Ce que le jour doit à la nuit

imagesCA01YX0NSi certaines lectures nous échappent quand d'autres nous frappent de plein fouet, on peut se demander quelle en est la cause; à mes yeux, c'est la part de résonance provoquée chez le lecteur qui fait toute la différence.

Ce que le jour doit à la nuit a remporté mon entière adhésion car son sujet, l'Algérie et ses troubles qui menèrent à la guerre portant son nom, et ses répercussions tant pour les Algériens que pour les émigrés européens ou les pieds-noirs, est profondément liée à mon histoire familiale. Comme beaucoup de français, mes ancêtres étaient pieds-noirs, mon grand-père et ma mère sont nés à Oran; alors vous pouvez imaginer l'émotion qui m'a saisie en approchant, par le biais de la fiction, tout un pan de mon histoire filiale.

Younes vit avec son père, sa mère et sa petite soeur au milieu des champs. Quand sa famille perd tout, suite à l'incendie de ses terres, ils partent vivre à Oran. Sauvé d'une existence misérable par son oncle pharmacien (marié à une française catholique), qui voit en lui le fils qu'il n'a jamais eu, Younes, devenu Jonas, change radicalement de vie. Le milieu social, l'éducation qu'il reçoit ainsi que les études qu'il fait lui permettent de progresser en marge des drames qui secouent son pays. Parce qu'il ne veut pas voir. Parce qu'il ne veut pas savoir. Il veut continuer de croire que l'Amitité ne tient pas compte des origines.

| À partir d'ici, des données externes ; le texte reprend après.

lemma opn_iff_lastchg:
  assumes "c 1" "2 \<le> t"
  shows "opn dt c t \<longleftrightarrow>
    t - dt \<le> lastchg c (t - 1) \<and> lastchg c (t - 1) \<noteq> 1 \<and> \<not> anom dt c (lastchg c (t - 1))"
proof -
  define L where "L = lastchg c (t - 1)"
  have "1 \<le> t - 1" using assms by simp
  then have L: "c L" "1 \<le> L" "L < t" "\<And>u. L < u \<Longrightarrow> u < t \<Longrightarrow> \<not> c u"
    using assms lastchg_le[of c "t - 1"] lastchg_ge_1[of c "t - 1"] change_at_lastchg[of c "t - 1"]
      no_change_after_lastchg[of c "t - 1"] unfolding L_def by auto
  have unique: "t' = L" if "c t'" "t' < t" "\<forall>u. t' < u \<and> u < t \<longrightarrow> \<not> c u" for t'
    using that L by (metis linorder_neqE_nat)
  have anom: "aseq dt c (t - 1) L = anom dt c L"
    using L by (intro aseq_eq_anom) auto
  show ?thesis
    unfolding L_def[symmetric]
  proof
    assume "opn dt c t"
    then obtain t' where t': "t - dt \<le> t'" "t' \<noteq> 1" "\<not> aseq dt c (t - 1) t'"
      and last: "c t'" "t' < t" "\<forall>u. t' < u \<and> u < t \<longrightarrow> \<not> c u"
      unfolding opn_def is_open_def by blast
    from last have "t' = L" by (rule unique)
    then show "t - dt \<le> L \<and> L \<noteq> 1 \<and> \<not> anom dt c L" using t' anom by simp
  next
    assume "t - dt \<le> L \<and> L \<noteq> 1 \<and> \<not> anom dt c L"
    then show "opn dt c t"
      unfolding opn_def is_open_def using L anom assms by (intro conjI exI[of _ L]) auto
  qed
qed

lemma opn_iff_runlen:
  assumes "c 1" "2 \<le> t" "runlen c (t - 1) = r" "r < t - 2" "r < dt"
  shows "opn dt c t \<longleftrightarrow> \<not> anom dt c (t - 1 - r)"
proof -
  have "lastchg c (t - 1) \<le> t - 1" using assms by (intro lastchg_le) auto
  then have "lastchg c (t - 1) = t - 1 - r" using assms(3) unfolding runlen_def by arith
  then show ?thesis using opn_iff_lastchg[of c t dt] assms by auto
qed

lemma cprob_cong:
  assumes "\<And>u. u \<le> t \<Longrightarrow> c u = c' u"
  shows "cprob dt p0 q0 t c = cprob dt p0 q0 t c'"
  unfolding cprob_def
proof (rule prod.cong[OF refl])
  fix s assume "s \<in> {2..t}"
  moreover from this have "opn dt c s = opn dt c' s"
    using assms by (intro opn_cong) auto
  ultimately show "(if opn dt c s then if c s then q0 else 1 - q0 else if c s then p0 else 1 - p0) =
      (if opn dt c' s then if c' s then q0 else 1 - q0 else if c' s then p0 else 1 - p0)"
    using assms by auto
qed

Mais derrière Jonas, Younes existe toujours. L'amour et la guerre ne l'épargneront pas.

A force de voir ce livre entre beaucoup de mains j'ai fini par avoir envie de le mettre dans les miennes. Cela m'a permis de comprendre le succès bien mérité de cet auteur, qui nous plonge au coeur du coeur des hommes, dans une histoire mêlant des thèmes forts, sans jamais tomber dans la facilité. Khadra nous parle d'amour, d'amitié, de sentiment d'appartenance à sa patrie, sans verser dans le pathos. Ses mots, puissants tant par leur choix que par leur portée,  nous collent à la peau, comme autant de leçons de vie. "Cours la rejoindre... Un jour, sans doute, on pourrait rattraper une comète, mais qui vient à laisser filer la vraie chance de sa vie, toutes les gloires de la terre ne sauraient l'en consoler". Le réalisme des personnages nous percute; la dignité desespérée du père de Younes qui ne peut sauver sa famille de la misère, la sagesse de son oncle, la tendresse de ses deux mères, les copains qui grandissent et qui changent... autant de tableaux peints avec une infinie justesse.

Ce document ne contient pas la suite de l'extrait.